1939 – Norway claims Queen Maud Land in Antarctica
1943 – Franklin D. Roosevelt becomes the first U.S. President to travel by airplane while in office in order to meet with Britain’s Prime Minister Winston Churchill in Casablanca to review the wartime situation and discuss strategy
1943 – Holland Taylor born, American actress; noted for researching, writing, and producing her one-woman show, Ann: An Affectionate Portrait of Ann Richards, which played in 2011-2012 at the Kennedy Center in Washington DC, and on Broadway in 2013. Holland was nominated for a Tony Award for Best Lead Actress in a Play for her performance. In a 2015 interview, she revealed she was in a serious relationship with a woman, and her partner, Sarah Paulson, later confirmed their relationship. Holland is a long-time supporter of Aids for AIDS in Los Angeles, serving on their Honorary Board and appearing in their annual fundraiser, Best in Drag Show
Holland Taylor as Ann Richards in her one-woman show
1943 – Shannon Lucid born, American biochemist and NASA astronaut who set the records for longest stay in space by an American, and by a woman, on a mission aboard the Mir space station, the only American woman to serve aboard Mir. In 1976, when NASA announced that it would begin accepting women into the space program, Lucid immediately applied. Her first shuttle flight was in 1985 on the Discovery, followed by the Atlantis in 1989 and 1991, where she conducted a variety of biomedical experiments. In 1993, she became the first woman to travel into space on four separate occasions on the Columbia, setting a record for the most total flight time accumulated by a female astronaut on the shuttle (838 hours, 54 minutes).
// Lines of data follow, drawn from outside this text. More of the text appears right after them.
(* Let $s$ be a positive integer and $D^\infty=\{a=(a_{i,j})_{i,j\ge0,\ i+j>2s}:\ a_{i,j}\in\mathbb{C},\ |a_{i,j}|\le1\}$. For $a$ put $\tilde a(\xi,\eta)=\sum_{i+j>2s}a_{i,j}\xi^i\eta^j$, and let $b^*(\xi,\eta,a)$ be the formal power series in $\xi,\eta$ and the variables $a_{i,j}$, without constant term, determined by $$b^*(\xi,\eta,a)=\tilde a\big(e^{b^*(\xi,\eta,a)}\xi,\ e^{b^*(\xi,\eta,a)}\eta\big).$$ Define $\psi_a(\xi,\eta)=\big(e^{b^*(\xi,\eta,a)}\xi,\ e^{b^*(\xi,\eta,a)}\eta\big)$. Then there exists a constant $R_1\in(0,1)$, independent of $a\in D^\infty$, such that $\psi_a$ is given by power series converging (absolutely) for $(\xi,\eta,a)\in\Delta_{R_1}\times D^\infty$, and for each $a\in D^\infty$, $\psi_a$ maps $\Delta_{R_1}$ into $\Delta_{1/3}$.
   Context: $\Delta_r=\{(\xi,\eta)\in\mathbb{C}^2:|\xi|<r,|\eta|<r\}$. *)

theory Defs
  imports "HOL-Analysis.Analysis"
begin

text \<open>A monomial is a finitely supported exponent function var => nat; a formal
  power series is a coefficient function on monomials.\<close>

datatype var = Xi | Eta | A nat nat

type_synonym mon = "var \<Rightarrow> nat"
type_synonym fser = "mon \<Rightarrow> complex"

definition mons :: "mon set" where
  "mons = {m. finite {v. m v \<noteq> 0}}"

definition mdeg :: "mon \<Rightarrow> nat" where
  "mdeg m = (\<Sum>v\<in>{v. m v \<noteq> 0}. m v)"

definition fone :: fser where
  "fone m = (if (\<forall>v. m v = 0) then 1 else 0)"

definition fmul :: "fser \<Rightarrow> fser \<Rightarrow> fser" where
  "fmul f g m = (\<Sum>p\<in>{p. \<forall>v. p v \<le> m v}. f p * g (\<lambda>v. m v - p v))"

primrec fpow :: "fser \<Rightarrow> nat \<Rightarrow> fser" where
  "fpow f 0 = fone"
| "fpow f (Suc n) = fmul f (fpow f n)"

text \<open>Exponential of a series without constant term (the truncation at the
  total degree is exact in that case).\<close>
definition fexp :: "fser \<Rightarrow> fser" where
  "fexp f m = (\<Sum>n\<le>mdeg m. fpow f n m / of_nat (fact n))"

definition fscale :: "complex \<Rightarrow> fser \<Rightarrow> fser" where
  "fscale c f m = c * f m"

definition fxi :: fser where
  "fxi m = (if m = (\<lambda>v. if v = Xi then 1 else 0) then 1 else 0)"

definition feta :: fser where
  "feta m = (if m = (\<lambda>v. if v = Eta then 1 else 0) then 1 else 0)"

definition fterm :: "nat \<Rightarrow> nat \<Rightarrow> fser" where
  "fterm k l m = (if m = (\<lambda>v. if v = Xi then k else if v = Eta then l
                             else if v = A k l then 1 else 0) then 1 else 0)"

text \<open>Right-hand side  a~(e^b xi, e^b eta) = sum_{k+l>2s} a_{k,l} xi^k eta^l e^{(k+l) b}.
  At a given monomial only finitely many (k,l) contribute (those with a_{k,l}
  occurring in the monomial).\<close>
definition frhs :: "nat \<Rightarrow> fser \<Rightarrow> fser" where
  "frhs s b m = (\<Sum>kl\<in>{(k, l). 2 * s < k + l \<and> 1 \<le> m (A k l)}.
                    fmul (fterm (fst kl) (snd kl)) (fexp (fscale (of_nat (fst kl + snd kl)) b)) m)"

definition is_bstar :: "nat \<Rightarrow> fser \<Rightarrow> bool" where
  "is_bstar s b \<longleftrightarrow> (\<forall>m. m \<notin> mons \<longrightarrow> b m = 0) \<and> b (\<lambda>v. 0) = 0
                     \<and> (\<forall>m\<in>mons. b m = frhs s b m)"

definition psi1 :: "fser \<Rightarrow> fser" where "psi1 b = fmul (fexp b) fxi"
definition psi2 :: "fser \<Rightarrow> fser" where "psi2 b = fmul (fexp b) feta"

text \<open>Parameter space D^infinity; entries with i+j <= 2s do not exist and are set to 0.\<close>
definition Dinf :: "nat \<Rightarrow> (nat \<Rightarrow> nat \<Rightarrow> complex) set" where
  "Dinf s = {a. \<forall>i j. (2 * s < i + j \<longrightarrow> norm (a i j) \<le> 1) \<and> (i + j \<le> 2 * s \<longrightarrow> a i j = 0)}"

definition varval :: "complex \<Rightarrow> complex \<Rightarrow> (nat \<Rightarrow> nat \<Rightarrow> complex) \<Rightarrow> var \<Rightarrow> complex" where
  "varval x y a v = (case v of Xi \<Rightarrow> x | Eta \<Rightarrow> y | A i j \<Rightarrow> a i j)"

definition mval :: "complex \<Rightarrow> complex \<Rightarrow> (nat \<Rightarrow> nat \<Rightarrow> complex) \<Rightarrow> mon \<Rightarrow> complex" where
  "mval x y a m = (\<Prod>v\<in>{v. m v \<noteq> 0}. varval x y a v ^ m v)"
On Mir, she performed experiments, mostly on the effects of longterm space flight on the human body
1944 – Nina Totenberg born, American legal affairs correspondent for National Public Radio (NPR), primarily reporting on the U.S Supreme Court; panelist on Inside Washington (1992-2013); honored seven times by the American Bar Association for excellence in legal reporting; recipient of the first-ever Toni House Award for body of work by the American Judicature Society; first radio journalist named as Broadcaster of the Year by the National Press Foundation; her reporting on Anita Hill’s testimony during the Clarence Thomas hearings became part of the Jewish Women’s Archive’s online exhibit Jewish Women and the Feminist Revolution
1949 – Mary Robison born, American novelist and short story writer; her novel, Why Did I Ever, won the 2001 Los Angeles Times Book Prize for Fiction
1950 – The first prototype of the MiG-17 makes its maiden flight
1951 – Judas Mahlangu born, South African artist; began working for the South African Broadcasting Corporation (SABC) in 1982 as a graphic artist; member of the Soweto Arts Society; his work has been exhibited in Germany, Israel, Portugal and the U.S., and in group and solo exhibitions in South Africa
Revisions – by Judas Mahlangu
1952 – NBC’s long-running news program Today debuts, with host Dave Garroway
1953 – Josip Broz Tito is inaugurated as the first President of Yugoslavia
1954 – The Hudson Motor Car Company merges with Nash-Kelvinator Corporation to form American Motors Corporation
1957 – Kripalu Maharaj was named fifth Jagadguru (world teacher) after giving seven days of speeches before 500 Hindu scholars
1957 – Anchee Min born in Shanghai, Chinese-American author and memoirist; noted for Red Azalea and The Cooked Seed: A Memoir, and six historical novels, including The Last Empress, based on the life of Empress Dowager Cixi
1963 – George Wallace sworn in as Alabama’s governor, pledging “segregation forever”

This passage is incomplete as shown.